• [Aim of the exercise]:
When you have gone through the records below, state only how many lines include the word "longlongrightarrow".

(Records from a data source)
↓

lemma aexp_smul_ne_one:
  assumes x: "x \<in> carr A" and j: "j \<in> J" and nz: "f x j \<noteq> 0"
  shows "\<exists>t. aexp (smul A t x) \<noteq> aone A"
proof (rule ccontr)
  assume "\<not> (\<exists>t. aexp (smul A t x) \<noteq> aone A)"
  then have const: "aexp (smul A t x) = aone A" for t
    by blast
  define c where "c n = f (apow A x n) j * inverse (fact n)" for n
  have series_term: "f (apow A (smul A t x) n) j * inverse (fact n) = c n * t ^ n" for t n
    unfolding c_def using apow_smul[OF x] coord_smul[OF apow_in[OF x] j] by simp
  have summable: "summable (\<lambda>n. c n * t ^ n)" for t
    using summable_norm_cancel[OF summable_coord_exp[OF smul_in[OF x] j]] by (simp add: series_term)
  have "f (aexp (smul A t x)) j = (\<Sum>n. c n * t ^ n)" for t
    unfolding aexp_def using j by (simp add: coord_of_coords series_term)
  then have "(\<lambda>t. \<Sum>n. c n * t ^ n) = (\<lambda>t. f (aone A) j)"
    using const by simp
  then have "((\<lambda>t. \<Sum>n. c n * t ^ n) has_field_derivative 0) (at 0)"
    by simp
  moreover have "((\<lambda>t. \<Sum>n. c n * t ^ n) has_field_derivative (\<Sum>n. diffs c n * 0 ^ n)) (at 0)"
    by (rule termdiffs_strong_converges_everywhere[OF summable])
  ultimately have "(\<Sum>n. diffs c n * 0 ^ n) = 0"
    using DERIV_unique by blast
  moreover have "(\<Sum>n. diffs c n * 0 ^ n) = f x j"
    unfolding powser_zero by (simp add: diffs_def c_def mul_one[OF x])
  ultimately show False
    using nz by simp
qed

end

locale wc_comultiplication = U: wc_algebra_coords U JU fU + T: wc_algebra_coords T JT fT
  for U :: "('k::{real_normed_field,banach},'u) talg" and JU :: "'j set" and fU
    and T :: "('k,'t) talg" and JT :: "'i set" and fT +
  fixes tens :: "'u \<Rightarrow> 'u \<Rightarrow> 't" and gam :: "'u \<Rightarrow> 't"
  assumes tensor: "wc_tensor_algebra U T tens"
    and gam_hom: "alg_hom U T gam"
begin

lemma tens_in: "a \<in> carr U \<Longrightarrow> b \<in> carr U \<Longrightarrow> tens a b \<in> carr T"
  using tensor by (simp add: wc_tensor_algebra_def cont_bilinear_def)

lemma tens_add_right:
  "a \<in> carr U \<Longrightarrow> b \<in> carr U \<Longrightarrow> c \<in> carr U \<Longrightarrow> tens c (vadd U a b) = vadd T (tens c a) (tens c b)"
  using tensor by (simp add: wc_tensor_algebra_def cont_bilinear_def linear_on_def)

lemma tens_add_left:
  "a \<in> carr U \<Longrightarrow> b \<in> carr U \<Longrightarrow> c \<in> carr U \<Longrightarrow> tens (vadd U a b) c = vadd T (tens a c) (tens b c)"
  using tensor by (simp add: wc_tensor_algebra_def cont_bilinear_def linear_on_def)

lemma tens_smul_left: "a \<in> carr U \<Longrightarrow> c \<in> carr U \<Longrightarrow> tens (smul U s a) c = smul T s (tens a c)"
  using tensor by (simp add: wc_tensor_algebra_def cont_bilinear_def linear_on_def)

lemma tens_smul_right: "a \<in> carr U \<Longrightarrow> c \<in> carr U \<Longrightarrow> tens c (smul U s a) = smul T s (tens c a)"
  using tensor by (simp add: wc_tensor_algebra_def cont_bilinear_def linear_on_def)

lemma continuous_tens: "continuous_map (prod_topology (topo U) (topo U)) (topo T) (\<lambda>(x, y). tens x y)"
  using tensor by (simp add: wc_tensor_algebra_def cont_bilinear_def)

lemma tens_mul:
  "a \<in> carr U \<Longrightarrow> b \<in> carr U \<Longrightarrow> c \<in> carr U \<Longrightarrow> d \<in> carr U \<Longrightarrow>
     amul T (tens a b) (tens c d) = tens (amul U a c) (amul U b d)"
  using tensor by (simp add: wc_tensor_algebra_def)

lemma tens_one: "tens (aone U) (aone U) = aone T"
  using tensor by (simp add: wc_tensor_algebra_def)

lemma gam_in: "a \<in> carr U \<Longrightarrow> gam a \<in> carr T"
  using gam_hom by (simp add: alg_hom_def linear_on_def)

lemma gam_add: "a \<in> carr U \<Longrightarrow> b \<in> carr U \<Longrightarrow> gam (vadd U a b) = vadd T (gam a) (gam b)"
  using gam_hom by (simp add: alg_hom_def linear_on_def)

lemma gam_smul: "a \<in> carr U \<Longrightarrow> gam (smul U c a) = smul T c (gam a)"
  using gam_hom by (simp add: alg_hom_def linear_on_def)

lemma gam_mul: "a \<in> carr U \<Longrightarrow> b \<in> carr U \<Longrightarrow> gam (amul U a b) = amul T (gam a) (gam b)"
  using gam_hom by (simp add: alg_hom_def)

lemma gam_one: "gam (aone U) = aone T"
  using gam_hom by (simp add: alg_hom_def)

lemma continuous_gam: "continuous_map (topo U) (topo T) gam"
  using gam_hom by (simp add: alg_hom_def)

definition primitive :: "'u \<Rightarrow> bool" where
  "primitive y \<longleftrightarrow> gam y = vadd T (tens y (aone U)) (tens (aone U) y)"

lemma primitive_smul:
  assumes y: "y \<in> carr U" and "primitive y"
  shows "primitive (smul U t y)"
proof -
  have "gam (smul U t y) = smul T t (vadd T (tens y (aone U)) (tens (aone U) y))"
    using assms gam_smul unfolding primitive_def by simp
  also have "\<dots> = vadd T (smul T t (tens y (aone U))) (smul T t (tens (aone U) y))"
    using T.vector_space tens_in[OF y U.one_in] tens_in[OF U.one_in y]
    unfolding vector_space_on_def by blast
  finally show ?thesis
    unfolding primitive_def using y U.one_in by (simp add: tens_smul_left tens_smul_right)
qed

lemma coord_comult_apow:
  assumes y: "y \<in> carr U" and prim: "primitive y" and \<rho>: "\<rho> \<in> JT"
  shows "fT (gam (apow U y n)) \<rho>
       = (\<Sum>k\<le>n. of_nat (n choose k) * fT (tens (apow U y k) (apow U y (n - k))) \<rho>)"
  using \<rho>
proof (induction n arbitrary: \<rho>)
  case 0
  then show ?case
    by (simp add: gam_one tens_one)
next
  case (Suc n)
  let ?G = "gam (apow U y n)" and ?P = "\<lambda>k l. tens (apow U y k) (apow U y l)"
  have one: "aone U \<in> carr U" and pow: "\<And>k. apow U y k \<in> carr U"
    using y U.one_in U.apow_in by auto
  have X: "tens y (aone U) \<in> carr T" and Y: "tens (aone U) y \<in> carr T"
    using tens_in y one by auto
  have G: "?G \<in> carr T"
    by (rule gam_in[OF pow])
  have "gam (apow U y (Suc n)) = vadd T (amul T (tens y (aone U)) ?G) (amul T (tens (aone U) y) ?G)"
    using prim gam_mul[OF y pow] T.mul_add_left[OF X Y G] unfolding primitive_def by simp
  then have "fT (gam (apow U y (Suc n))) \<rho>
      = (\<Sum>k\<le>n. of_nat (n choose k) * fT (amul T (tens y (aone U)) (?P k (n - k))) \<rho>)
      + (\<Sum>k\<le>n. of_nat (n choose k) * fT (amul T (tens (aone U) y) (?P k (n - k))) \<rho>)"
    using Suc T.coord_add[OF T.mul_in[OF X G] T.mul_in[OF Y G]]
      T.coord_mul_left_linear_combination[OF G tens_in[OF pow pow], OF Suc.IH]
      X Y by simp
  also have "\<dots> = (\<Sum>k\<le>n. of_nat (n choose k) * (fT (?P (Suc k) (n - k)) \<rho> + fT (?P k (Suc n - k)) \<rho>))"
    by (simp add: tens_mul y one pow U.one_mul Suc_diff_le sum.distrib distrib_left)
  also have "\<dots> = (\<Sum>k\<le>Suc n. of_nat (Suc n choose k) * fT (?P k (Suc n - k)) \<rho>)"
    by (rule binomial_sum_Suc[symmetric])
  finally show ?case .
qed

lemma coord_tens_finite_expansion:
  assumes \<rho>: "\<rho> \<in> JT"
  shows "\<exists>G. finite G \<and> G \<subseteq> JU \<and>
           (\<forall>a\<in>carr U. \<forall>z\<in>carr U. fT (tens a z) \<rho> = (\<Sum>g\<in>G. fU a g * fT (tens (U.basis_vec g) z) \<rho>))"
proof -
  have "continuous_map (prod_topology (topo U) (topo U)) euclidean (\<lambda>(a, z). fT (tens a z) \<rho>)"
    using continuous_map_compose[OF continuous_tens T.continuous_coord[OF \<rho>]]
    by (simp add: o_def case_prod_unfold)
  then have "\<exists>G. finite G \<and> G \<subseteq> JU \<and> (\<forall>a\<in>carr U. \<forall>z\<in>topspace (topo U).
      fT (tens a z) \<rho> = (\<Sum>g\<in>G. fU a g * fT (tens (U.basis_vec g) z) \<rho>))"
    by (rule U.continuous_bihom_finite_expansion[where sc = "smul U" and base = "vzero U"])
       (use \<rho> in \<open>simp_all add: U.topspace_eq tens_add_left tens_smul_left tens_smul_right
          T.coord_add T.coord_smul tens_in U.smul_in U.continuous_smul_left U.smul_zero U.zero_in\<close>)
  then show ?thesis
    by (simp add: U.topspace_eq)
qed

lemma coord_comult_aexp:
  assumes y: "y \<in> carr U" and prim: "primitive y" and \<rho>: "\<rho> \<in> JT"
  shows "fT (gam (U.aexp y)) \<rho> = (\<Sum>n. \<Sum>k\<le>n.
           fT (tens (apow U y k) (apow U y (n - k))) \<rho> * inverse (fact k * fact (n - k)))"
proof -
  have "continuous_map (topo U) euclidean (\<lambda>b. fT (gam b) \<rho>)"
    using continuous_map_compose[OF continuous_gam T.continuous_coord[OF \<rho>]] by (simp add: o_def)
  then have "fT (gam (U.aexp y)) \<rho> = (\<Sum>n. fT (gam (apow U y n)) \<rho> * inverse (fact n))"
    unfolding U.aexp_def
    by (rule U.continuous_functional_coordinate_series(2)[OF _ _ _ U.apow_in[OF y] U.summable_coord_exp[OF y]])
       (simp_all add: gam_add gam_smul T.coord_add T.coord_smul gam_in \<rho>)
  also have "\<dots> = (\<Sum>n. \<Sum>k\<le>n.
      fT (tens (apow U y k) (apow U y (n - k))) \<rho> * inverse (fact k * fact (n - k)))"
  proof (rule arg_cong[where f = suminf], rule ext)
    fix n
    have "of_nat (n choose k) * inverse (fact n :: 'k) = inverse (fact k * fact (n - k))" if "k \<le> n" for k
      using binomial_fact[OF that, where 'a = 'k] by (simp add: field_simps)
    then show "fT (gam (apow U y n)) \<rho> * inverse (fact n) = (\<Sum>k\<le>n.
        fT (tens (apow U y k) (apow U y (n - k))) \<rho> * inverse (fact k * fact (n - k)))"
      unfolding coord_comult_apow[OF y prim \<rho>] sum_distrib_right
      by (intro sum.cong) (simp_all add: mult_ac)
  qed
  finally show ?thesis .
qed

↑
↓

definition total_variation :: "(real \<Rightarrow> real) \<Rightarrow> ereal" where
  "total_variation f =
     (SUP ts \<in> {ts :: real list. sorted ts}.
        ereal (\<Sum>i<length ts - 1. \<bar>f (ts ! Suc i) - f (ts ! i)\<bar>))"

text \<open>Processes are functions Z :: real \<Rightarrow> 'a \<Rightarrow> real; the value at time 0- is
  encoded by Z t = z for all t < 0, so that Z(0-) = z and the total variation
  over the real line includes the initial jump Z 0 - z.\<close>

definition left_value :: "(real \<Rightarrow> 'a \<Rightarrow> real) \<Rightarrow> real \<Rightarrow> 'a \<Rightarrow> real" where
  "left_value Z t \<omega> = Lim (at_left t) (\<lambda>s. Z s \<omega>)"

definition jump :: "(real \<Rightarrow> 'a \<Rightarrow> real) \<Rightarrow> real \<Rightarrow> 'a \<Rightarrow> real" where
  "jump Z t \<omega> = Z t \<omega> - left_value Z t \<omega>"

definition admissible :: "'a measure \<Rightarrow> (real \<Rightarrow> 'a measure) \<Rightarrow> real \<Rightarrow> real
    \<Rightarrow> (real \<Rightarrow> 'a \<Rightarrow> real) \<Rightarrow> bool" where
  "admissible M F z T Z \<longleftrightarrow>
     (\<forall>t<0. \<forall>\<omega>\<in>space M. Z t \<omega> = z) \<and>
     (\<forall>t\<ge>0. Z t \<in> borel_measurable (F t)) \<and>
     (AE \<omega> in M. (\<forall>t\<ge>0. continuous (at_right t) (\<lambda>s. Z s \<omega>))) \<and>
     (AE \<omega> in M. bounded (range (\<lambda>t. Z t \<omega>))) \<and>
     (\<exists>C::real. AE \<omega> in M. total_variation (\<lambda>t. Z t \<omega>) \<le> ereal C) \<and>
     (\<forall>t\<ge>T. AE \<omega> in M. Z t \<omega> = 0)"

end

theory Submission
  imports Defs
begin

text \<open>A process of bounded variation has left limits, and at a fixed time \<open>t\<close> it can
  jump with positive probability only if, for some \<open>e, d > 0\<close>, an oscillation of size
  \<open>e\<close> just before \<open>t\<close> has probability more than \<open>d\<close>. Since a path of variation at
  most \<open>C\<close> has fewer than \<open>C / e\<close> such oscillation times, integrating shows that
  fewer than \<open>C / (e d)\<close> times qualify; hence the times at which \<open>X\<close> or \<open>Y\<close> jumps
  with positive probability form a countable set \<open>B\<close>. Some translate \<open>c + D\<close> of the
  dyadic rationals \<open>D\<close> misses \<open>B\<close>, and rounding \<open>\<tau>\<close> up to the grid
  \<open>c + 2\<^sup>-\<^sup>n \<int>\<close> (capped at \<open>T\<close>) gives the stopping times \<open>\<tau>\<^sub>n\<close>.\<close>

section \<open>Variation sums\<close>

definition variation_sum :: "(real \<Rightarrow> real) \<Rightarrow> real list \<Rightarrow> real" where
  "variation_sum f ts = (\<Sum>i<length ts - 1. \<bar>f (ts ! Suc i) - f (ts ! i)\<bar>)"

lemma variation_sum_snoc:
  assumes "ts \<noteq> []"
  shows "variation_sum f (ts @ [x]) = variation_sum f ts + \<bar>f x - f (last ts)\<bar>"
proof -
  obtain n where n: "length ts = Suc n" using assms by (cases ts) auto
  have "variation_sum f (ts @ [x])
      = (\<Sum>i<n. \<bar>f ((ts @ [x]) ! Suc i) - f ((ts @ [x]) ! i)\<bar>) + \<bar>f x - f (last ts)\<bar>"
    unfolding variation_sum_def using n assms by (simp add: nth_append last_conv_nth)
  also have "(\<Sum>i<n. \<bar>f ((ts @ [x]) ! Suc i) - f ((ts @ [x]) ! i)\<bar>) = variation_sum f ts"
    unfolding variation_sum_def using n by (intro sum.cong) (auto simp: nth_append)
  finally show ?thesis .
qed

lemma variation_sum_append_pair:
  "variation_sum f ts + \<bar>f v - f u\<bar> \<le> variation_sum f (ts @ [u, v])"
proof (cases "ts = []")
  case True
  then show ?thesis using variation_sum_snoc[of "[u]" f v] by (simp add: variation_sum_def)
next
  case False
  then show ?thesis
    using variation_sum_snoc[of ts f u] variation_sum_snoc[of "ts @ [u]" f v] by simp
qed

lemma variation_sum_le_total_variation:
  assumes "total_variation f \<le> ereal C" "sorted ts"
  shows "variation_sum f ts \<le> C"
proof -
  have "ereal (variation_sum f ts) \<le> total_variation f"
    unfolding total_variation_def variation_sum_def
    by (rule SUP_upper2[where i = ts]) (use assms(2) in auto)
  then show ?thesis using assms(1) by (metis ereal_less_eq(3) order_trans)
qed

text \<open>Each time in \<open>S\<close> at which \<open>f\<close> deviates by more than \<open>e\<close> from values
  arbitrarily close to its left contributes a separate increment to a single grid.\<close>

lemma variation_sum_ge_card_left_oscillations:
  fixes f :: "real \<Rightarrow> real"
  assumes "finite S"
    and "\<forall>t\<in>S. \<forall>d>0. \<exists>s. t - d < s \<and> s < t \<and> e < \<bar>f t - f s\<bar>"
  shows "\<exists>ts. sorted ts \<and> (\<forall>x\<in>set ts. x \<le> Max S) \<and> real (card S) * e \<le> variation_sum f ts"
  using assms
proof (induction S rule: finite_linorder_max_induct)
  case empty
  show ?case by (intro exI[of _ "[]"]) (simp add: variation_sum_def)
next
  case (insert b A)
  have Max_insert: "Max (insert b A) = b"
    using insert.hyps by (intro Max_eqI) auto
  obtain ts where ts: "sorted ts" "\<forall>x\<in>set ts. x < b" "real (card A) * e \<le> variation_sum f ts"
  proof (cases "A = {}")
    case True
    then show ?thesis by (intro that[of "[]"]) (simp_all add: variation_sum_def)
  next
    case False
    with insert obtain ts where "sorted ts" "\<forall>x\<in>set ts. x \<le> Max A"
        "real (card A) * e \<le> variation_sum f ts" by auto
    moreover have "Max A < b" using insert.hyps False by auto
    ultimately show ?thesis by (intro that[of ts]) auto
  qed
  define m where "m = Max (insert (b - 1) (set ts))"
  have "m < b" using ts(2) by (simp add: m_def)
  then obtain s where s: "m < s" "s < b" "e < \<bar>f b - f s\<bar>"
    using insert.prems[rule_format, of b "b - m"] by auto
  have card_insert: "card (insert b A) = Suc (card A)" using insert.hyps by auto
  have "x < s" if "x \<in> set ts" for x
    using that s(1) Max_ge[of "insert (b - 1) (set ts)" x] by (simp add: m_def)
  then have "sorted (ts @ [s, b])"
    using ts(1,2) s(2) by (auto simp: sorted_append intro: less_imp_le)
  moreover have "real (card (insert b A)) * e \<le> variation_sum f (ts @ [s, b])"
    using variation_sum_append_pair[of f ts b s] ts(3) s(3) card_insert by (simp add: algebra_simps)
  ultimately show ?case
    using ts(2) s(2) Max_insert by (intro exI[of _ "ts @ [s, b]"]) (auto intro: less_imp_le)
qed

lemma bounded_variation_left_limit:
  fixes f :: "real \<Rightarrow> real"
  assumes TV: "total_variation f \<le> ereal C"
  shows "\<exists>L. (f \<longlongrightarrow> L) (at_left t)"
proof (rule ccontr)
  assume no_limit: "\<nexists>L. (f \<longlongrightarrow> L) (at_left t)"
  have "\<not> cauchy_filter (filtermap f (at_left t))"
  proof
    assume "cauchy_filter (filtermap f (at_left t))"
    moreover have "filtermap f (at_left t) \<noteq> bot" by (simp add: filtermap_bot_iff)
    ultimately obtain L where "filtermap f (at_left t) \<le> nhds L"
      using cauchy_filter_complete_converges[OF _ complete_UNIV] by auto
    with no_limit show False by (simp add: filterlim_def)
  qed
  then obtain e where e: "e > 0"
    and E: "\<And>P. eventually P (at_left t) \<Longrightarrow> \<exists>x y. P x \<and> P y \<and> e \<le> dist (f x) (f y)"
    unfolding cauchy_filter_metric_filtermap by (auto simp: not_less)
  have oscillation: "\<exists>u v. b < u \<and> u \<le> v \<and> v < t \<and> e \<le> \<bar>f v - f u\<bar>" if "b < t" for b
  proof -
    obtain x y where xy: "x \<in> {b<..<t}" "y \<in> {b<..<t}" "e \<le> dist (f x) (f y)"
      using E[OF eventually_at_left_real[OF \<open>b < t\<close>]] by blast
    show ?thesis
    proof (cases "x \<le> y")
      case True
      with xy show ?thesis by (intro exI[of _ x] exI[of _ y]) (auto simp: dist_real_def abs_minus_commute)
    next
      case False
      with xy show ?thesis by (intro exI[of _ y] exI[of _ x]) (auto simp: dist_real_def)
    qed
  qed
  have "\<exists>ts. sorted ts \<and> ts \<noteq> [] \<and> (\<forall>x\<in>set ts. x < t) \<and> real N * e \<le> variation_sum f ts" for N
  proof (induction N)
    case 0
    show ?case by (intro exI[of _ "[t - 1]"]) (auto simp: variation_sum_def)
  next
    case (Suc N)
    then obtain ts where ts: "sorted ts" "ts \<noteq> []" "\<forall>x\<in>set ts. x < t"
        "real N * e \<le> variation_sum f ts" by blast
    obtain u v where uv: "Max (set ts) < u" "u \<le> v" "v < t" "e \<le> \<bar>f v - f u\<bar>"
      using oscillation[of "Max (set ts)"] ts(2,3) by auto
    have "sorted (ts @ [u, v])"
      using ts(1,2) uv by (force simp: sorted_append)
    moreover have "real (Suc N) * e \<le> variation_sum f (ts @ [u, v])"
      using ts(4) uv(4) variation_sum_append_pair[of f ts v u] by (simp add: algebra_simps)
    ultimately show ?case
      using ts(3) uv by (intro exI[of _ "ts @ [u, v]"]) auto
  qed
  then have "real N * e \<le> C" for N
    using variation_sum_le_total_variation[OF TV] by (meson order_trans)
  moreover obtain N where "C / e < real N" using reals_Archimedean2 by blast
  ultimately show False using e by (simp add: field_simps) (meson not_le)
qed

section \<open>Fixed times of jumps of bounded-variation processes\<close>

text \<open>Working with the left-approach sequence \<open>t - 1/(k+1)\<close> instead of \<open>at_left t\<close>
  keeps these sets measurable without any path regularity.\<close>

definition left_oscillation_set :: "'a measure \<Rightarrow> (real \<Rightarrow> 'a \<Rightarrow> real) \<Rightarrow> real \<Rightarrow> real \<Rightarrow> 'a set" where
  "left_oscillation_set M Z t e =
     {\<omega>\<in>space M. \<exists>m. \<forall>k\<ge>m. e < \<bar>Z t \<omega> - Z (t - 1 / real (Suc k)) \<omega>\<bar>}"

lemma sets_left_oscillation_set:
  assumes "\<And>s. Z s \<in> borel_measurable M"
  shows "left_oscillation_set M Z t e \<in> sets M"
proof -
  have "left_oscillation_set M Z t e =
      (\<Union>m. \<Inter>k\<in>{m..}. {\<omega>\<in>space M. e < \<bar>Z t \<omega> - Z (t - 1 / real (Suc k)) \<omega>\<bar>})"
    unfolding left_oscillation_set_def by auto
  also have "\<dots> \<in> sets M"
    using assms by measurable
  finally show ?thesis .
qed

↑

• [Completed exercise]:
2